I would look at modeling logistical limits on fighters two ways:
1. Regardless of construction cost, fighters can be no more than some
quite small percentage of the total (tonnage, construction cost, what
have you) of a given fleet. This construct represents the idea that a
fighter pilot comes from a smallish pool at the right end of a species'
bell curve, whose training involves significant time and cost just to
make it all the way to "nugget."
2. In the campaign setting, making good fighter losses -- even with the
sorriest nuggets one can scrape out of the bottom of the flight school
-- will be a relative trickle. The surviving American carriers were near
the end of their rope by the end of the Battle of Midway, due to
aircraft attrition.
I'm sorry that I don't have a copy of the rules right in front of me, to
ground-truth these ideas, but they're just things I wanted to toss out
for general consideration anyway.
Best,
Ken
United Stars
--- On Mon, 5/3/10, Eric Foley <stiltman@teleport.com> wrote:
From: Eric Foley <stiltman@teleport.com>
Subject: Re: [GZG] FT:XD changes, part 1
To: gzg-l@mail.csua.berkeley.edu
Date: Monday, May 3, 2010, 4:35 PM
-----Original Message-----
>From: Damond Walker <damosan@gmail.com>
>[...]
>This is the trap of a points system - while there may be a good
>solution out there somewhere the minute you get it out to the genpop
>someone will break it.
>
>You are always going to have edge cases that will break a system. For
>me the fleet books set the tone for my games and designs so I was
>never really concerned about the system's edge cases.

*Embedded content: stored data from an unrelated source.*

(* Let $\mathbf{k}$ be a field. Every connected graded left counital $\mathbf{k}$-bialgebra $(H,m,\mu,\Delta,\varepsilon)$ is a left counital Hopf algebra, i.e. it admits a right antipode $S$ with $\mathrm{id}_H\ast S=\mu\varepsilon$. Such an $S$ is given by the recursion $S(1_H)=1_H$ and, for homogeneous $x\in H^{(n)}$, $n\ge1$, $S(x)=-\sum_{(x)}x'S(x'')$, where $\tilde\Delta(x)=\Delta(x)-1\otimes x=\sum_{(x)}x'\otimes x''$ (Sweedler notation), extended linearly.
   Context: All algebras are unital commutative over $\mathbf{k}$. A left counital bialgebra $(H,m,\mu,\Delta,\varepsilon)$ is an algebra $H$ with unit map $\mu$ and algebra homomorphisms $\Delta:H\to H\otimes H$ (coassociative) and $\varepsilon:H\to\mathbf{k}$ with $(\varepsilon\otimes\mathrm{id})\Delta=\beta_\ell$, $\beta_\ell(u)=1\otimes u$ (right counicity not required). It is graded if $H=\bigoplus_{n\ge0}H^{(n)}$ for submodules with $H^{(p)}H^{(q)}\subseteq H^{(p+q)}$ and $\Delta(H^{(n)})\subseteq (H^{(0)}\otimes H^{(n)})\oplus\bigoplus_{p+q=n,\,p,q>0}H^{(p)}\otimes H^{(q)}$ for all $n$; connected if moreover $H^{(0)}=\mathrm{im}\,\mu=\mathbf{k}1_H$ and $\ker\varepsilon=\bigoplus_{n\ge1}H^{(n)}$. The convolution of $f,g\in\mathrm{End}_{\mathbf{k}}(H)$ is $f\ast g=m(f\otimes g)\Delta$. A right antipode is a linear $S:H\to H$ with $\mathrm{id}_H\ast S=\mu\varepsilon$; a left counital bialgebra with a right antipode is called a left counital (right antipode) Hopf algebra. *)

theory Defs
  imports Complex_Main
begin

(* Tensor powers H^{\<otimes>n} are modelled literally: the free k-vector space on words
   (lists) of elements of H, modulo the subspace generated by the multilinearity
   relations in every position.  A formal sum of words is given by a list of words. *)

definition tdelta :: "'h list \<Rightarrow> 'h list \<Rightarrow> 'k::field" where
  "tdelta w = (\<lambda>v. if v = w then 1 else 0)"

inductive_set tnull :: "('k::field \<Rightarrow> 'h::ab_group_add \<Rightarrow> 'h) \<Rightarrow> ('h list \<Rightarrow> 'k) set"
  for sc :: "'k::field \<Rightarrow> 'h::ab_group_add \<Rightarrow> 'h" where
  tnull_zero: "(\<lambda>v. 0) \<in> tnull sc"
| tnull_add: "f \<in> tnull sc \<Longrightarrow> g \<in> tnull sc \<Longrightarrow> (\<lambda>v. f v + g v) \<in> tnull sc"
| tnull_smult: "f \<in> tnull sc \<Longrightarrow> (\<lambda>v. c * f v) \<in> tnull sc"
| tnull_additive: "(\<lambda>v. tdelta (u @ (a + b) # w) v - tdelta (u @ a # w) v - tdelta (u @ b # w) v)
      \<in> tnull sc"
| tnull_homog: "(\<lambda>v. tdelta (u @ sc c a # w) v - c * tdelta (u @ a # w) v) \<in> tnull sc"

definition formal_sum :: "'h list list \<Rightarrow> 'h list \<Rightarrow> 'k::field" where
  "formal_sum ws = (\<lambda>v. sum_list (map (\<lambda>w. tdelta w v) ws))"

definition tensor_eq :: "('k::field \<Rightarrow> 'h::ab_group_add \<Rightarrow> 'h) \<Rightarrow> 'h list list \<Rightarrow> 'h list list \<Rightarrow> bool" where
  "tensor_eq sc ws ws' \<longleftrightarrow> (\<lambda>v. formal_sum ws v - (formal_sum ws' v :: 'k)) \<in> tnull sc"

text \<open>A list of pairs (a,b) represents the element sum of a \<otimes> b of H \<otimes> H.\<close>
definition pairs2 :: "('h \<times> 'h) list \<Rightarrow> 'h list list" where
  "pairs2 xs = map (\<lambda>(a, b). [a, b]) xs"

text \<open>H is a commutative k-algebra: ring structure of type 'h, scalar action sc,
  unit map c \<mapsto> sc c 1.  The coproduct is given by a representative list of pairs.\<close>
definition left_counital_bialgebra ::
  "('k::field \<Rightarrow> 'h::comm_ring_1 \<Rightarrow> 'h) \<Rightarrow> ('h \<Rightarrow> ('h \<times> 'h) list) \<Rightarrow> ('h \<Rightarrow> 'k) \<Rightarrow> bool" where
  "left_counital_bialgebra sc \<Delta> \<epsilon> \<longleftrightarrow>
     Vector_Spaces.vector_space sc
   \<and> (\<forall>c x y. sc c (x * y) = sc c x * y) \<and> (\<forall>c x y. sc c (x * y) = x * sc c y)
   \<and> (\<forall>x y. \<epsilon> (x + y) = \<epsilon> x + \<epsilon> y) \<and> (\<forall>c x. \<epsilon> (sc c x) = c * \<epsilon> x)
   \<and> (\<forall>x y. \<epsilon> (x * y) = \<epsilon> x * \<epsilon> y) \<and> \<epsilon> 1 = 1
   \<and> (\<forall>x y. tensor_eq sc (pairs2 (\<Delta> (x + y))) (pairs2 (\<Delta> x @ \<Delta> y)))
   \<and> (\<forall>c x. tensor_eq sc (pairs2 (\<Delta> (sc c x))) (pairs2 (map (\<lambda>(a, b). (sc c a, b)) (\<Delta> x))))
   \<and> (\<forall>x y. tensor_eq sc (pairs2 (\<Delta> (x * y)))
                       (pairs2 [(a * a', b * b'). (a, b) \<leftarrow> \<Delta> x, (a', b') \<leftarrow> \<Delta> y]))
   \<and> tensor_eq sc (pairs2 (\<Delta> 1)) (pairs2 [(1, 1)])
   \<and> (\<forall>x. tensor_eq sc [[a1, a2, b]. (a, b) \<leftarrow> \<Delta> x, (a1, a2) \<leftarrow> \<Delta> a]
                       [[a, b1, b2]. (a, b) \<leftarrow> \<Delta> x, (b1, b2) \<leftarrow> \<Delta> b])
   \<and> (\<forall>x. sum_list (map (\<lambda>(a, b). sc (\<epsilon> a) b) (\<Delta> x)) = x)"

Yeah. I agree completely. If people are willing to agree on about
how many fighters they want their game to have, we don't need to have
this conversation. I think it's pretty much necessary in playing with
FB1 ships with strangers; I'm only throwing out the logistics limit as a
way to keep the rules lawyers at bay and still have the fleet book ships
"make sense". On the other hand, if you want to take all the gloves
off with custom ships with no such limitations (implied or quantified),
I think it needs to be implicitly understood that the winning ships
won't look like the stuff in the fleet books.